On 11/11/10 18:07, Mindaugas Rasiukevicius wrote:
Hello, Similar questions were raised a few times.. let's go through this again.
Sorry if I am rehashing old stuff then...
Johnny Billquist<bqt%softjar.se@localhost> wrote:With mutex_spin, you instead store the original spl at the first mutex_spin_enter, and later calls to mutex_spin_enter can only possibly raise the ipl further. At mutex_spin_exit, we do not lower the spl again, until the final mutex_spin_exit, which resets the spl to the value as before any mutex was held.This is correct.The cause a slightly different behaviour, as the spl will continue to possibly be very high, even though you are only holding a low ipl mutex. While it obviously don't cause a system to fail, it can introduce delays which might not be neccesary, and could in theory cause interrupts to be dropped that needn't be.In theory, it might. But see below.Is this a conscious design? Do we not expect/enforce mutexes to be released in the reverse order they were acquired?Very conscious, made about 4 years ago. There are very few (would say a tiny fraction, in all tree) where we have the following locking cases: mutex_spin_exit(a); <- e.g. where a has IPL_HIGH <some code> <- some code still runs at IPL_HIGH mutex_spin_exit(b); <- e.g. where b has IPL_VM One such case is in tty subsystem, which needs proper locking (and perhaps generally revamped.. anyone?). Generally, such cases should be fixed.

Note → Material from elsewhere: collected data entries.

definition bop :: "op \<Rightarrow> bool" where
  "bop T \<longleftrightarrow> (\<forall>x\<in>l2. T x \<in> l2) \<and> (\<forall>x. x \<notin> l2 \<longrightarrow> T x = (\<lambda>_. 0))
     \<and> (\<forall>x\<in>l2. \<forall>y\<in>l2. T (\<lambda>n. x n + y n) = (\<lambda>n. T x n + T y n))
     \<and> (\<forall>x\<in>l2. \<forall>c. T (\<lambda>n. c * x n) = (\<lambda>n. c * T x n))
     \<and> (\<exists>C. \<forall>x\<in>l2. l2norm (T x) \<le> C * l2norm x)"

definition adj :: "op \<Rightarrow> op" where
  "adj T = (THE S. bop S \<and> (\<forall>x\<in>l2. \<forall>y\<in>l2. l2inner (T x) y = l2inner x (S y)))"

definition ident :: op where
  "ident x = (if x \<in> l2 then x else (\<lambda>_. 0))"

definition opminus :: "op \<Rightarrow> op \<Rightarrow> op" where
  "opminus T S = (\<lambda>x n. T x n - S x n)"

definition cspan :: "vec set \<Rightarrow> vec set" where
  "cspan F = {x. \<exists>c. x = (\<lambda>n. \<Sum>v\<in>F. c v * v n)}"

definition finite_rank :: "op \<Rightarrow> bool" where
  "finite_rank T \<longleftrightarrow> (\<exists>F. finite F \<and> F \<subseteq> l2 \<and> T ` l2 \<subseteq> cspan F)"

text \<open>Rank = dimension of the range (meaningful for finite-rank operators).\<close>
definition rk :: "op \<Rightarrow> nat" where
  "rk T = (LEAST n. \<exists>F. finite F \<and> card F = n \<and> F \<subseteq> l2 \<and> T ` l2 \<subseteq> cspan F)"

definition compact_op :: "op \<Rightarrow> bool" where
  "compact_op T \<longleftrightarrow> (\<forall>e>0. \<exists>F. bop F \<and> finite_rank F \<and>
      (\<forall>x\<in>l2. l2norm (T x - F x) \<le> e * l2norm x))"

definition partial_isometry :: "op \<Rightarrow> bool" where
  "partial_isometry v \<longleftrightarrow> bop v \<and> v \<circ> adj v \<circ> v = v"

definition finite_index_pi :: "op \<Rightarrow> bool" where
  "finite_index_pi v \<longleftrightarrow> partial_isometry v \<and>
     finite_rank (opminus ident (adj v \<circ> v)) \<and> finite_rank (opminus ident (v \<circ> adj v))"

definition linf :: "vec set" where
  "linf = {a. \<exists>B. \<forall>n. cmod (a n) \<le> B}"

definition c0 :: "vec set" where
  "c0 = {a. a \<longlonglongrightarrow> 0}"

text \<open>Diagonal operator of a sequence (the identification of l-infinity with diagonal operators).\<close>
definition diag :: "vec \<Rightarrow> op" where
  "diag a x = (if x \<in> l2 then (\<lambda>n. a n * x n) else (\<lambda>_. 0))"

definition Pk :: "nat \<Rightarrow> vec" where
  "Pk k = (\<lambda>n. if n = k then 1 else 0)"

definition unital_star_hom :: "(vec \<Rightarrow> op) \<Rightarrow> bool" where
  "unital_star_hom \<Phi> \<longleftrightarrow>
     (\<forall>a\<in>linf. bop (\<Phi> a))
   \<and> (\<forall>a\<in>linf. \<forall>b\<in>linf. \<Phi> (\<lambda>n. a n + b n) = (\<lambda>x n. \<Phi> a x n + \<Phi> b x n))
   \<and> (\<forall>a\<in>linf. \<forall>c. \<Phi> (\<lambda>n. c * a n) = (\<lambda>x n. c * \<Phi> a x n))
   \<and> (\<forall>a\<in>linf. \<forall>b\<in>linf. \<Phi> (\<lambda>n. a n * b n) = \<Phi> a \<circ> \<Phi> b)
   \<and> (\<forall>a\<in>linf. \<Phi> (\<lambda>n. cnj (a n)) = adj (\<Phi> a))
   \<and> \<Phi> (\<lambda>_. 1) = ident"

text \<open>Continuity for the strong operator topologies (l-infinity carrying the SOT of diagonal
operators), phrased via convergence along arbitrary filters (nets).\<close>
definition strongly_continuous :: "(vec \<Rightarrow> op) \<Rightarrow> bool" where
  "strongly_continuous \<Phi> \<longleftrightarrow> (\<forall>a0\<in>linf. \<forall>F. F \<le> principal linf \<longrightarrow>
     (\<forall>x\<in>l2. ((\<lambda>a. l2norm (\<lambda>n. diag a x n - diag a0 x n)) \<longlongrightarrow> 0) F) \<longrightarrow>
     (\<forall>x\<in>l2. ((\<lambda>a. l2norm (\<lambda>n. \<Phi> a x n - \<Phi> a0 x n)) \<longlongrightarrow> 0) F))"

end

theory Submission
  imports Defs "HOL-Analysis.L2_Norm" "HOL-Library.Function_Algebras"
begin

text \<open>
  Suppose \<open>rk (\<Phi>\<^sub>2 P\<^sub>k) > rk (\<Phi>\<^sub>1 P\<^sub>k)\<close> for infinitely many \<open>k\<close>. As \<open>\<Phi>\<^sub>1 P\<^sub>k\<close> has
  finite rank, a dimension count gives unit vectors \<open>x\<^sub>k\<close> in the range of \<open>\<Phi>\<^sub>2 P\<^sub>k\<close> with
  \<open>\<Phi>\<^sub>1 P\<^sub>k v\<^sub>1\<^sup>* v\<^sub>2 x\<^sub>k = 0\<close>. Strong continuity makes these vectors weakly null, so a
  gliding hump along a sparse set \<open>S\<close> of such indices keeps \<open>\<Phi>\<^sub>1 \<chi>\<^sub>S v\<^sub>1\<^sup>* v\<^sub>2 x\<^sub>k\<close> small,
  while \<open>\<Phi>\<^sub>2 \<chi>\<^sub>S\<close> fixes \<open>x\<^sub>k\<close>. The compact operator
  \<open>v\<^sub>1 \<Phi>\<^sub>1(\<chi>\<^sub>S) v\<^sub>1\<^sup>* - v\<^sub>2 \<Phi>\<^sub>2(\<chi>\<^sub>S) v\<^sub>2\<^sup>*\<close> sends the weakly null sequence \<open>v\<^sub>2 x\<^sub>k\<close> to
  a norm null one; since \<open>v\<^sub>1\<close> and \<open>v\<^sub>2\<close> are isometries up to finite rank, this approximates
  \<open>v\<^sub>2 x\<^sub>k\<close>, of norm close to 1, by the small vectors \<open>v\<^sub>1 \<Phi>\<^sub>1(\<chi>\<^sub>S) v\<^sub>1\<^sup>* v\<^sub>2 x\<^sub>k\<close>.
  The same argument with the roles exchanged gives the theorem.
\<close>

section \<open>Square-summable sequences\<close>

lemma tendsto_0_if_eventually_norm_le:
  fixes f :: "'a \<Rightarrow> 'b::real_normed_vector"
  assumes "eventually (\<lambda>x. norm (f x) \<le> g x) F" "(g \<longlongrightarrow> 0) F"
  shows "(f \<longlongrightarrow> 0) F"
  using assms(1) by (intro tendsto_0_le[OF assms(2), where K=1]) (auto elim: eventually_mono)

lemma l2_summable: "x \<in> l2 \<Longrightarrow> summable (\<lambda>n. (cmod (x n))\<^sup>2)"
  by (simp add: l2_def)

lemma l2_if_partial_sums_bounded:
  assumes "\<And>N. (\<Sum>n<N. (cmod (x n))\<^sup>2) \<le> B"
  shows "x \<in> l2" "(\<Sum>n. (cmod (x n))\<^sup>2) \<le> B"
proof -
  have s: "summable (\<lambda>n. (cmod (x n))\<^sup>2)"
  proof (rule bounded_imp_summable[where B=B])
    show "(\<Sum>k\<le>n. (cmod (x k))\<^sup>2) \<le> B" for n using assms[of "Suc n"] by (simp only: lessThan_Suc_atMost)
  qed simp
  then show "x \<in> l2" by (simp add: l2_def)
  show "(\<Sum>n. (cmod (x n))\<^sup>2) \<le> B" using s assms by (rule suminf_le_const)
qed

lemma l2_suminf_nonneg: "x \<in> l2 \<Longrightarrow> 0 \<le> (\<Sum>n. (cmod (x n))\<^sup>2)"
  by (intro suminf_nonneg l2_summable) auto

lemma l2norm_nonneg: "x \<in> l2 \<Longrightarrow> l2norm x \<ge> 0"
  by (simp add: l2norm_def l2_suminf_nonneg)

lemma l2norm_sq: "x \<in> l2 \<Longrightarrow> (l2norm x)\<^sup>2 = (\<Sum>n. (cmod (x n))\<^sup>2)"
  by (simp add: l2norm_def l2_suminf_nonneg)

lemma l2_partial_sum_le: "x \<in> l2 \<Longrightarrow> (\<Sum>n<N. (cmod (x n))\<^sup>2) \<le> (\<Sum>n. (cmod (x n))\<^sup>2)"
  by (intro sum_le_suminf l2_summable) auto

lemma L2_set_le_l2norm: "x \<in> l2 \<Longrightarrow> L2_set (\<lambda>n. cmod (x n)) {..<N} \<le> l2norm x"
  unfolding L2_set_def l2norm_def by (intro real_sqrt_le_mono l2_partial_sum_le)

lemma l2_add:
  assumes "x \<in> l2" "y \<in> l2"
  shows "(\<lambda>n. x n + y n) \<in> l2" "l2norm (\<lambda>n. x n + y n) \<le> l2norm x + l2norm y"
proof -
  have b: "(\<Sum>n<N. (cmod (x n + y n))\<^sup>2) \<le> (l2norm x + l2norm y)\<^sup>2" for N
  proof -
    have "L2_set (\<lambda>n. cmod (x n + y n)) {..<N} \<le> L2_set (\<lambda>n. cmod (x n) + cmod (y n)) {..<N}"
      by (rule L2_set_mono) (auto simp: norm_triangle_ineq)
    also have "\<dots> \<le> L2_set (\<lambda>n. cmod (x n)) {..<N} + L2_set (\<lambda>n. cmod (y n)) {..<N}"
      by (rule L2_set_triangle_ineq)
    also have "\<dots> \<le> l2norm x + l2norm y" by (intro add_mono L2_set_le_l2norm assms)
    finally have "sqrt (\<Sum>n<N. (cmod (x n + y n))\<^sup>2) \<le> l2norm x + l2norm y"
      by (simp add: L2_set_def)
    moreover have nn: "0 \<le> (\<Sum>n<N. (cmod (x n + y n))\<^sup>2)" by (intro sum_nonneg) simp
    ultimately have "(sqrt (\<Sum>n<N. (cmod (x n + y n))\<^sup>2))\<^sup>2 \<le> (l2norm x + l2norm y)\<^sup>2"
      by (intro power_mono real_sqrt_ge_zero)
    then show ?thesis using nn by simp
  qed
  show "(\<lambda>n. x n + y n) \<in> l2" using l2_if_partial_sums_bounded(1)[OF b] .
  have "(\<Sum>n. (cmod (x n + y n))\<^sup>2) \<le> (l2norm x + l2norm y)\<^sup>2" using l2_if_partial_sums_bounded(2)[OF b] .
  then have "sqrt (\<Sum>n. (cmod (x n + y n))\<^sup>2) \<le> sqrt ((l2norm x + l2norm y)\<^sup>2)"
    by (rule real_sqrt_le_mono)
  also have "\<dots> = l2norm x + l2norm y"
    using l2norm_nonneg[OF assms(1)] l2norm_nonneg[OF assms(2)] by simp
  finally show "l2norm (\<lambda>n. x n + y n) \<le> l2norm x + l2norm y"
    unfolding l2norm_def[of "\<lambda>n. x n + y n"] .
qed

lemma l2_scale:
  assumes "x \<in> l2"
  shows "(\<lambda>n. c * x n) \<in> l2" "l2norm (\<lambda>n. c * x n) = cmod c * l2norm x"
proof -
  have e: "(\<lambda>n. (cmod (c * x n))\<^sup>2) = (\<lambda>n. (cmod c)\<^sup>2 * (cmod (x n))\<^sup>2)"
    by (simp add: norm_mult power_mult_distrib)
  have s: "summable (\<lambda>n. (cmod (c * x n))\<^sup>2)" unfolding e
    using l2_summable[OF assms] by (rule summable_mult)
  then show "(\<lambda>n. c * x n) \<in> l2" by (simp add: l2_def)
  have "(\<Sum>n. (cmod (c * x n))\<^sup>2) = (cmod c)\<^sup>2 * (\<Sum>n. (cmod (x n))\<^sup>2)"
    unfolding e using l2_summable[OF assms] by (rule suminf_mult)
  then show "l2norm (\<lambda>n. c * x n) = cmod c * l2norm x"
    by (simp add: l2norm_def real_sqrt_mult)
qed

lemma l2_zero: "(\<lambda>_. 0) \<in> l2" "l2norm (\<lambda>_. 0) = 0"
  unfolding l2_def l2norm_def by simp_all

lemma l2norm_neg: "l2norm (\<lambda>n. - z n) = l2norm z"
  unfolding l2norm_def by simp

lemma l2_uminus: "x \<in> l2 \<Longrightarrow> (\<lambda>n. - x n) \<in> l2"
  using l2_scale(1)[of x "-1"] by simp

lemma l2_diff:
  assumes "x \<in> l2" "y \<in> l2"
  shows "(\<lambda>n. x n - y n) \<in> l2" "l2norm (\<lambda>n. x n - y n) \<le> l2norm x + l2norm y"
proof -
  have e: "(\<lambda>n. x n + - y n) = (\<lambda>n. x n - y n)" by simp
  show "(\<lambda>n. x n - y n) \<in> l2" using l2_add(1)[OF assms(1) l2_uminus[OF assms(2)]] unfolding e .
  show "l2norm (\<lambda>n. x n - y n) \<le> l2norm x + l2norm y"
    using l2_add(2)[OF assms(1) l2_uminus[OF assms(2)]] l2norm_neg unfolding e by simp
qed

lemma l2norm_diff_commute: "l2norm (\<lambda>n. x n - y n) = l2norm (\<lambda>n. y n - x n)"
  unfolding l2norm_def by (simp add: norm_minus_commute)


lemma l2norm_eq_0_iff: "x \<in> l2 \<Longrightarrow> l2norm x = 0 \<longleftrightarrow> x = (\<lambda>_. 0)"
proof
  assume x: "x \<in> l2" and "l2norm x = 0"
  then have z: "(\<Sum>n. (cmod (x n))\<^sup>2) = 0" by (simp add: l2norm_def l2_suminf_nonneg)
  show "x = (\<lambda>_. 0)"
  proof
    fix n
    have "(cmod (x n))\<^sup>2 = 0"
      using suminf_eq_zero_iff[OF l2_summable[OF x]] z by auto
    then show "x n = 0" by simp
  qed
qed (simp add: l2_zero)

lemma l2_normalize:
  assumes w: "w \<in> l2" "w \<noteq> (\<lambda>_. 0)"
  shows "(\<lambda>n. complex_of_real (1 / l2norm w) * w n) \<in> l2"
    "l2norm (\<lambda>n. complex_of_real (1 / l2norm w) * w n) = 1"
proof -
  have r: "l2norm w > 0" using l2norm_nonneg[OF w(1)] l2norm_eq_0_iff[OF w(1)] w(2) by auto
  show "(\<lambda>n. complex_of_real (1 / l2norm w) * w n) \<in> l2" by (rule l2_scale(1)[OF w(1)])
  have "l2norm (\<lambda>n. complex_of_real (1 / l2norm w) * w n)
      = cmod (complex_of_real (1 / l2norm w)) * l2norm w"
    by (rule l2_scale(2)[OF w(1)])
  also have "\<dots> = 1" using r by (simp add: norm_divide)
  finally show "l2norm (\<lambda>n. complex_of_real (1 / l2norm w) * w n) = 1" .
qed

Hum? So that was introduced with the new locking code then? Because back when we used splraise/splx, the above would not have worked.

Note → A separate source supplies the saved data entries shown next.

text \<open>Finite-dimensional complex Hilbert space: complex ^ 'n with 'n a finite index type.
  Hermitian inner product, antilinear in the first argument.\<close>
definition cinner :: "complex ^ 'n \<Rightarrow> complex ^ 'n \<Rightarrow> complex" where
  "cinner x y = (\<Sum>i\<in>UNIV. cnj (x $ i) * y $ i)"

definition cadjoint :: "complex ^ 'n ^ 'n \<Rightarrow> complex ^ 'n ^ 'n" where
  "cadjoint A = (\<chi> i j. cnj (A $ j $ i))"

definition unitary :: "complex ^ 'n ^ 'n \<Rightarrow> bool" where
  "unitary U \<longleftrightarrow> U ** cadjoint U = mat 1 \<and> cadjoint U ** U = mat 1"

definition csubspace :: "(complex ^ 'n) set \<Rightarrow> bool" where
  "csubspace F \<longleftrightarrow> 0 \<in> F \<and> (\<forall>x\<in>F. \<forall>y\<in>F. x + y \<in> F)
     \<and> (\<forall>c::complex. \<forall>x\<in>F. c *s x \<in> F)"

definition run_word :: "('a \<Rightarrow> complex ^ 'n ^ 'n) \<Rightarrow> 'a list \<Rightarrow> complex ^ 'n \<Rightarrow> complex ^ 'n" where
  "run_word U x v = fold (\<lambda>\<sigma> s. U \<sigma> *v s) x v"

definition f_MO_uv :: "('a \<Rightarrow> complex ^ 'n ^ 'n) \<Rightarrow> complex ^ 'n \<Rightarrow> complex ^ 'n \<Rightarrow> 'a list \<Rightarrow> real" where
  "f_MO_uv U u v x = (cmod (cinner v (run_word U x u)))\<^sup>2"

Also, AFAIK effect was was actually measured during newlock2 branch development. Supporting such micro-optimisation would mean quite a bit of complexity in critical mutex(9) interface with practically no gain.
My initial reaction was that each mutex should have just stored what ipl it came from, and just restored it back to that when the mutex was released. That would also allow us to skip the mutex count in cpu_info, as well as the global saved ipl in cpu_info, but then I realized that this solution would break if people actually wrote code like
lock(a) lock(b) release(a) release(b)or if code actually relied on the ipl staying at a high level, even though you don't have any mutex that motivates this anymore. Otherwise, I would think that each mutex keeping the old ipl level for restoring at release is both prettier and shorter, and is safer. And since a mutex can't be held by multiple users at the same time, there is no risk that the old ipl would become clobbered either. (Although right now I'm trying to figure out why I seem to lock a spin mutex twice when the system is coming up, and it might be in the MI bits of code...)
Also, there are a few places in the code in the kernel, where atomic_cas is called explicitly. Wouldn't it be better if such code were abstracted out, so we didn't depend on specific cpu instructions in the MI code?atomic_cas_*() routines are mandatory part of atomic_ops(3/9) interface. I believe almost any modern operating system should have it these days. We model algorithms using them. I believe MI code, design-wise, should look to the future, rather than the past. :)
Hmm. Hard to argue about this. While I think it's nice if we try to keep the kernel agnostic, the user api is not something I'm arguing about changing. But it would be nice if we could leave it possible to do things in different ways when it's not really the effect of a CAS that is needed, but we'd still like to keep it in a way that allowed the compiled code to be as nice and efficient as possible.
Johnny